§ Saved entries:
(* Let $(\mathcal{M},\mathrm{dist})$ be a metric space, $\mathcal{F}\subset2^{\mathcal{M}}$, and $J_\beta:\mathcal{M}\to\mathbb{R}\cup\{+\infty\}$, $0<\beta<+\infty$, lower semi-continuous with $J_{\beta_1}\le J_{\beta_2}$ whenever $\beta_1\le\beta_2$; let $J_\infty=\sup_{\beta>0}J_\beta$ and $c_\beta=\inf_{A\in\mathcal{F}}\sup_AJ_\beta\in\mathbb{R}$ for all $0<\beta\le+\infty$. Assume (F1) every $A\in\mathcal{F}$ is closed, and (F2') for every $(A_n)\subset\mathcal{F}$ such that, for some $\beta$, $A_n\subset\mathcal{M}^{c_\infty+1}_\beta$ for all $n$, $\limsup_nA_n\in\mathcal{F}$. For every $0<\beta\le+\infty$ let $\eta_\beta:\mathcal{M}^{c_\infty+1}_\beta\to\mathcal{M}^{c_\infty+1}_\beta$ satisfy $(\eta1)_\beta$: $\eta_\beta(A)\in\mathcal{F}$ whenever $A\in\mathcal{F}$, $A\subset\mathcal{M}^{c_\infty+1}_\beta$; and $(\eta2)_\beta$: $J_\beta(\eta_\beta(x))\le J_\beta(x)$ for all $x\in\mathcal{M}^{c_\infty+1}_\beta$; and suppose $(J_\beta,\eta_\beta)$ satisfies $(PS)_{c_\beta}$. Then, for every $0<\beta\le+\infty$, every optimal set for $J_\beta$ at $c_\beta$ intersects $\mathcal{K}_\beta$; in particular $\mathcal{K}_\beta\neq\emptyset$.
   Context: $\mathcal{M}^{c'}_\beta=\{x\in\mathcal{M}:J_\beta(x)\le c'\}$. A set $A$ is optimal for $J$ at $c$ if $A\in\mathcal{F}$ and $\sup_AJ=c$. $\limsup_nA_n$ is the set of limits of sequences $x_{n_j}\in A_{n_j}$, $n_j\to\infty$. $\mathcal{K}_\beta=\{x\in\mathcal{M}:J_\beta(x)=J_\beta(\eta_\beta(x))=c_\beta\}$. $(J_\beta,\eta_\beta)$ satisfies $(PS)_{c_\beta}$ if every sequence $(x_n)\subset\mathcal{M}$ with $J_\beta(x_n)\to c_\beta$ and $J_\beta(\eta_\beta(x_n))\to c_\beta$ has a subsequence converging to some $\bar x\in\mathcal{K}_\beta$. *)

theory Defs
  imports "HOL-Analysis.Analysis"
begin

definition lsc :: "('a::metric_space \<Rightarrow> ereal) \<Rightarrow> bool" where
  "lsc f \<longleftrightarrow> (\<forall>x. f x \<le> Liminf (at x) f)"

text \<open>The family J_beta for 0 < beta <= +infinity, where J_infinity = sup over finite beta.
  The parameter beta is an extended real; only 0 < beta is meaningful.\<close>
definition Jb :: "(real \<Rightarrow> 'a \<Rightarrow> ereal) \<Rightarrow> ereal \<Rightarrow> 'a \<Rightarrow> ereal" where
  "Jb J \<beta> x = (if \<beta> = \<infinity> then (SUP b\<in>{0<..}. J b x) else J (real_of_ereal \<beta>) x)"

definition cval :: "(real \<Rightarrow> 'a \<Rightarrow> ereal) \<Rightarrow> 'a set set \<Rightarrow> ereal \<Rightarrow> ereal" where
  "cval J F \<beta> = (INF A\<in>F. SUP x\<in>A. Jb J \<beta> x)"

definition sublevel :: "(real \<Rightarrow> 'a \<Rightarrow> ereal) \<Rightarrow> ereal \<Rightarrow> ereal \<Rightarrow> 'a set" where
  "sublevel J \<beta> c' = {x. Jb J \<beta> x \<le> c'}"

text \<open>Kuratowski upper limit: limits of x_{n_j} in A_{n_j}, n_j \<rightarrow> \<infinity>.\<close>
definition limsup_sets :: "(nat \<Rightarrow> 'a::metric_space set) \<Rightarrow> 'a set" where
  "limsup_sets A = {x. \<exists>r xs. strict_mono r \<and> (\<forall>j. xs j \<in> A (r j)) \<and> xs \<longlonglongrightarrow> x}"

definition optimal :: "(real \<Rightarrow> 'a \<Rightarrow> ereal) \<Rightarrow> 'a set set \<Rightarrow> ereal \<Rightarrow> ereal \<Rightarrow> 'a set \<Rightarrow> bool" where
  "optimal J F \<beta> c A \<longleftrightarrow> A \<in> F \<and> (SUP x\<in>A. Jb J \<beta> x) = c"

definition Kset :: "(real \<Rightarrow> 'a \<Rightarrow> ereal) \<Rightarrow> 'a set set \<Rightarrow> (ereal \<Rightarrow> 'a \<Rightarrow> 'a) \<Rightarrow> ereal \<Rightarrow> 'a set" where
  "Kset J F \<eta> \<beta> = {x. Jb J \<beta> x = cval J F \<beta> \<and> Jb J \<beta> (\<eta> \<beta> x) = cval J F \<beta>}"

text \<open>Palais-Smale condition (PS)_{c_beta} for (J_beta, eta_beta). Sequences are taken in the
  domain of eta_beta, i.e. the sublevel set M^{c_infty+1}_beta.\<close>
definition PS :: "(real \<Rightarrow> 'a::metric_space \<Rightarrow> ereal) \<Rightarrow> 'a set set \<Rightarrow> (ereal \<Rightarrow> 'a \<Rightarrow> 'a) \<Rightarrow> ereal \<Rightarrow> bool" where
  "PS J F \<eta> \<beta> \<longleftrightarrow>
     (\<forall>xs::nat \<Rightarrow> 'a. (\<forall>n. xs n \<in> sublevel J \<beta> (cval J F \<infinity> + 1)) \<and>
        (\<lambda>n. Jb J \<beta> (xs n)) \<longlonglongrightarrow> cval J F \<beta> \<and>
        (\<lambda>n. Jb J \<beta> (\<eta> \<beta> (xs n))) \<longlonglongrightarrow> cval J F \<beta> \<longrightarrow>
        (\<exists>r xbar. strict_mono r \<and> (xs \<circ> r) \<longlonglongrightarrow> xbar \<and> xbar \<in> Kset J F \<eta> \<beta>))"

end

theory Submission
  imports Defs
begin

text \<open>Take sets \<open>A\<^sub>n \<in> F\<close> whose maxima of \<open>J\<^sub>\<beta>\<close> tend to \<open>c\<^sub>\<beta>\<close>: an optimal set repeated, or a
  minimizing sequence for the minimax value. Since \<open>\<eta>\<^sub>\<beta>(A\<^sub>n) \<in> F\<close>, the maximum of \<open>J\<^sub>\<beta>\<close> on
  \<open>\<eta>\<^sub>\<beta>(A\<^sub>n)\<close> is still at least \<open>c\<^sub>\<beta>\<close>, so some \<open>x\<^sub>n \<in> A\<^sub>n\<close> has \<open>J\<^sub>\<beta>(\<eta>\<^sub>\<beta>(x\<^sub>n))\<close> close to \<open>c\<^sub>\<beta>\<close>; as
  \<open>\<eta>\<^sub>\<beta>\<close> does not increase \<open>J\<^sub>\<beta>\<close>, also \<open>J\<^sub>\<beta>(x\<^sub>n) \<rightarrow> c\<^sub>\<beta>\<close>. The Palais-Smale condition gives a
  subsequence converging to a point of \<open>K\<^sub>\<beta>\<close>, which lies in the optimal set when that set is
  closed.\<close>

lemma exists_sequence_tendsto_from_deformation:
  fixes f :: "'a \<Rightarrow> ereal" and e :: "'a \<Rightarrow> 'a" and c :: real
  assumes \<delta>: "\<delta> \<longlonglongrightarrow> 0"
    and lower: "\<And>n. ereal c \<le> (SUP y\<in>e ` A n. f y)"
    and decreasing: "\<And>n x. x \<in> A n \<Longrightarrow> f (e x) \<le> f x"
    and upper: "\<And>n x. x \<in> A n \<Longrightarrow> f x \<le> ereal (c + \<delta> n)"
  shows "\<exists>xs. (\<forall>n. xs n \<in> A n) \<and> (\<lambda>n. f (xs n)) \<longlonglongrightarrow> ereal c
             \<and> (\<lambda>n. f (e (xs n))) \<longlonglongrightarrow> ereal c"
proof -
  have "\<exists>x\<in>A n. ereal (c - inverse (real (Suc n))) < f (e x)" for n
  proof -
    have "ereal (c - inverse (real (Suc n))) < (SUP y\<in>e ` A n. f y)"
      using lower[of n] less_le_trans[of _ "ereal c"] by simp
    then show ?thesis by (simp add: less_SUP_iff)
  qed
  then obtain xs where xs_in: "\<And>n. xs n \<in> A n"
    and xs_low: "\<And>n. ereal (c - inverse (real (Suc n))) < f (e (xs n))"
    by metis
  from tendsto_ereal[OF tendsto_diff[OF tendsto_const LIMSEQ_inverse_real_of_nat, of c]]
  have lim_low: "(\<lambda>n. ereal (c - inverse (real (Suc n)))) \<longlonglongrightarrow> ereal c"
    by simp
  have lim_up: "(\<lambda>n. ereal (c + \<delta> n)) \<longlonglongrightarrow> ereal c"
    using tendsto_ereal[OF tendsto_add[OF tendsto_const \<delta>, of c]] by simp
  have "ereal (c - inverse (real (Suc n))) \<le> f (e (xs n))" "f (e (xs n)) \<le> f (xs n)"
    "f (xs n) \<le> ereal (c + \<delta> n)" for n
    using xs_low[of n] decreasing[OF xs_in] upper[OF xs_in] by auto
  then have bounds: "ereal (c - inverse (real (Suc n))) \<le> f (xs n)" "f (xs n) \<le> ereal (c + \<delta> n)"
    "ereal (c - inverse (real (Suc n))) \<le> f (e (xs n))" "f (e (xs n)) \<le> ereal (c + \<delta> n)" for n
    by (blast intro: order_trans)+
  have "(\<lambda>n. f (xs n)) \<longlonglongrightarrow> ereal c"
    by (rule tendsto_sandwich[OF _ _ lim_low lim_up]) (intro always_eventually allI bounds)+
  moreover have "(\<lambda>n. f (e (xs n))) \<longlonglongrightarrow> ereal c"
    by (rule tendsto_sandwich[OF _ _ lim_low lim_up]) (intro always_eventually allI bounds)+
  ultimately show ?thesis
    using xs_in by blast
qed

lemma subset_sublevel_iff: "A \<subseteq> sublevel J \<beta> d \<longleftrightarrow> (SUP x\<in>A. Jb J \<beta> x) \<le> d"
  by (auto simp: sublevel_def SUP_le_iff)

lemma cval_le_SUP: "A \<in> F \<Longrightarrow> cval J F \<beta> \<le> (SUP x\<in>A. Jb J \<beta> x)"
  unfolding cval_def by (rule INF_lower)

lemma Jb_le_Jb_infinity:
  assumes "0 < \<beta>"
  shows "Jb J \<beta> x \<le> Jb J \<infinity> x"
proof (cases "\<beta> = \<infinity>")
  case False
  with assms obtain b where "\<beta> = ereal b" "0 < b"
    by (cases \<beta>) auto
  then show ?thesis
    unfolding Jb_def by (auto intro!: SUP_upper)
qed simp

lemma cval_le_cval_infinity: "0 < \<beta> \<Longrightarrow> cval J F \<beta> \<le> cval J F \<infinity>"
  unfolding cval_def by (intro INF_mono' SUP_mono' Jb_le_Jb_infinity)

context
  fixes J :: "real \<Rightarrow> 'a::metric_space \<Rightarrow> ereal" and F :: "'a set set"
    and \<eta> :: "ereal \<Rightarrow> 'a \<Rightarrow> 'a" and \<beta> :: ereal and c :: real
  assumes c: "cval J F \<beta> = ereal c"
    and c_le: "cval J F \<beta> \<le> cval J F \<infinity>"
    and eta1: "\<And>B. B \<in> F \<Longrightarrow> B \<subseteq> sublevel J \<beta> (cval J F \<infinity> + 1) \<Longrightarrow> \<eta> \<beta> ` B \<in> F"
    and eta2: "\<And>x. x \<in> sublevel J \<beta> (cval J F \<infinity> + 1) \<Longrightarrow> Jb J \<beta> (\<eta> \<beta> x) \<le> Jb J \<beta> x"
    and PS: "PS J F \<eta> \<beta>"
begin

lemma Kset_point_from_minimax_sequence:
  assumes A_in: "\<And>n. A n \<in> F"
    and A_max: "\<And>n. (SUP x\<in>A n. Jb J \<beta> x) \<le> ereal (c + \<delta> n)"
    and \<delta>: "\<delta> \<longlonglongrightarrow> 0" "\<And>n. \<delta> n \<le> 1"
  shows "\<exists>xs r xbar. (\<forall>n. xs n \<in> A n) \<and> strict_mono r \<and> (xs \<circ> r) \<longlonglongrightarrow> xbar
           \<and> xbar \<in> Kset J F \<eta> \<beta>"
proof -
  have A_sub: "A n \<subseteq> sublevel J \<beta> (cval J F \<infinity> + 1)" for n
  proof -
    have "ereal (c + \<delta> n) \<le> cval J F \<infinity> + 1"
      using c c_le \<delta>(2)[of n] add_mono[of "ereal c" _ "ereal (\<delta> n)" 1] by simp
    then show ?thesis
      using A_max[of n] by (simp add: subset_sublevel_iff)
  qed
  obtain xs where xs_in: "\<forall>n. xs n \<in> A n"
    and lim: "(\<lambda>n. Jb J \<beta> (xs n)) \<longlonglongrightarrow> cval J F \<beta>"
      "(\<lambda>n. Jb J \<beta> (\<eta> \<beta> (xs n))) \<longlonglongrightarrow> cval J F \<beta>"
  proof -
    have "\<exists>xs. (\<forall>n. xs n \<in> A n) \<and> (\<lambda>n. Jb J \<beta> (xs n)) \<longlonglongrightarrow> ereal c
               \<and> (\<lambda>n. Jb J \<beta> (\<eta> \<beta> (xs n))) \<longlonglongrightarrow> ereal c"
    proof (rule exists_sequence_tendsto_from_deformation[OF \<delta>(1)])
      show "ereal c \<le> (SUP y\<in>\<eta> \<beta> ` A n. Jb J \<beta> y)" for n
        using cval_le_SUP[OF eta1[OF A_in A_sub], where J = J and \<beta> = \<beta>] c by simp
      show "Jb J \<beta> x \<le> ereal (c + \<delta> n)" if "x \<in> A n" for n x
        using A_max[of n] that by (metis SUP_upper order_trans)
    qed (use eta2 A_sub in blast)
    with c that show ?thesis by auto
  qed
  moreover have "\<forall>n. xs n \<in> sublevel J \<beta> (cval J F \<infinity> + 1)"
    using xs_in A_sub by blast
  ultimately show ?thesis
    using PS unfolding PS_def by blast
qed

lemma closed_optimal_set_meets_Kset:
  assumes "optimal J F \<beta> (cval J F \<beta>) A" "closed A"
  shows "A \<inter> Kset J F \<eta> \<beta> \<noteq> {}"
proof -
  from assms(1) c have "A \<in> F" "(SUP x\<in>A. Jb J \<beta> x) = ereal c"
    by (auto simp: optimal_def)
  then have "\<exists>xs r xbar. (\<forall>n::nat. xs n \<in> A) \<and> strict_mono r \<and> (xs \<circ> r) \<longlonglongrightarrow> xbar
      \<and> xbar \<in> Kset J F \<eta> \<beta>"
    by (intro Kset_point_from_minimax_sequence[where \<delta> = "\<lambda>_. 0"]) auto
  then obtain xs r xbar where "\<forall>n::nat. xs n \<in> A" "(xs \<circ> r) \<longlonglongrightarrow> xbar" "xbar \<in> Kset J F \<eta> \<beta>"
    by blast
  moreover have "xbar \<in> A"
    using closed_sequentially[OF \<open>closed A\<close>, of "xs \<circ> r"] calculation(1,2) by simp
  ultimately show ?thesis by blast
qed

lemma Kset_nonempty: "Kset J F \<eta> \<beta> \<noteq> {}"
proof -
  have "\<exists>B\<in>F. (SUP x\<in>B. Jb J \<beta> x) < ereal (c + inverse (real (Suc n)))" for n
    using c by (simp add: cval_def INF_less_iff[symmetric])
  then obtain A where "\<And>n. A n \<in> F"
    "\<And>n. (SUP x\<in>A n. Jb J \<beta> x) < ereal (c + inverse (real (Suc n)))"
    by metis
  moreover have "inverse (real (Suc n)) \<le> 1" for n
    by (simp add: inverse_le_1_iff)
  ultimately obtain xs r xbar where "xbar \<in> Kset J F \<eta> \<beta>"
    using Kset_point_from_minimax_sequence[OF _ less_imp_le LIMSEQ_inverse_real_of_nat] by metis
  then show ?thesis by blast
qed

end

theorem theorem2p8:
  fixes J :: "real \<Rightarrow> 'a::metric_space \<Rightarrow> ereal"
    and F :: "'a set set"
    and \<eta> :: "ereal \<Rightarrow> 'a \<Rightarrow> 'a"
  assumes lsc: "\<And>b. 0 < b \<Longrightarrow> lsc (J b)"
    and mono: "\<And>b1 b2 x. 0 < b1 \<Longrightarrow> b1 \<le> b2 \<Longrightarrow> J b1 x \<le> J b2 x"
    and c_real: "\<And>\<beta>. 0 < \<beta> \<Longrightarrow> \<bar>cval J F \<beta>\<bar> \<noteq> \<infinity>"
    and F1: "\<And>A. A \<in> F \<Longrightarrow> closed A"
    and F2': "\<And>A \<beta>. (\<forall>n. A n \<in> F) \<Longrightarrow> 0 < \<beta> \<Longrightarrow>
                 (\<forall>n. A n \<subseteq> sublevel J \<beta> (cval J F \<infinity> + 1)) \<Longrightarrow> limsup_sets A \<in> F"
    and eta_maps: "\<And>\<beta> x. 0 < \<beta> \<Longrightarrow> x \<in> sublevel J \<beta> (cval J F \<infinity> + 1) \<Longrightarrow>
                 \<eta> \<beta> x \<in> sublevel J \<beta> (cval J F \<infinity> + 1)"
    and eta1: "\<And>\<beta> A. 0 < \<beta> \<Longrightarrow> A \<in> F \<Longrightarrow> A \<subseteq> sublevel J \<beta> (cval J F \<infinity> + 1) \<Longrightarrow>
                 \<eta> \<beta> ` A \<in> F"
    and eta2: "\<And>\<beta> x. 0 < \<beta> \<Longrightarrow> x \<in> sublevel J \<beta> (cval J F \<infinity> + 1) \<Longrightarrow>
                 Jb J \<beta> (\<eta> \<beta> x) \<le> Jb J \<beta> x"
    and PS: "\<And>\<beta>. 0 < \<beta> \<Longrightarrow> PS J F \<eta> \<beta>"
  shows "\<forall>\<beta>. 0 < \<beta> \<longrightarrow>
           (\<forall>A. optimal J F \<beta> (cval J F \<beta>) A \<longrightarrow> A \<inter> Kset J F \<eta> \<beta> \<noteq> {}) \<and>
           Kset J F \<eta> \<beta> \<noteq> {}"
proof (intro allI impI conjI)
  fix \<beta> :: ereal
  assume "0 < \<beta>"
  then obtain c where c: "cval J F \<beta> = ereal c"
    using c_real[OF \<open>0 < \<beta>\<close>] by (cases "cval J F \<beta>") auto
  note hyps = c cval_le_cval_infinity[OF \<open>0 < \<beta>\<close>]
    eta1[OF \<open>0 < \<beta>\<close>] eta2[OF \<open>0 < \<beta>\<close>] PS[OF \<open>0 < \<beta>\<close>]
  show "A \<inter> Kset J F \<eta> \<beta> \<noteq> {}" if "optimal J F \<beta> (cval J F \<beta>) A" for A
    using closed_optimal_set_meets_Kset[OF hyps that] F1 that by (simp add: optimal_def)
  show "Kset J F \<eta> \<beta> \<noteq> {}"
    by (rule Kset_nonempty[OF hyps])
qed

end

§ Task statement: The answer should be a single number: how many lines in the entries contain "bool".

§ Response to this task: 3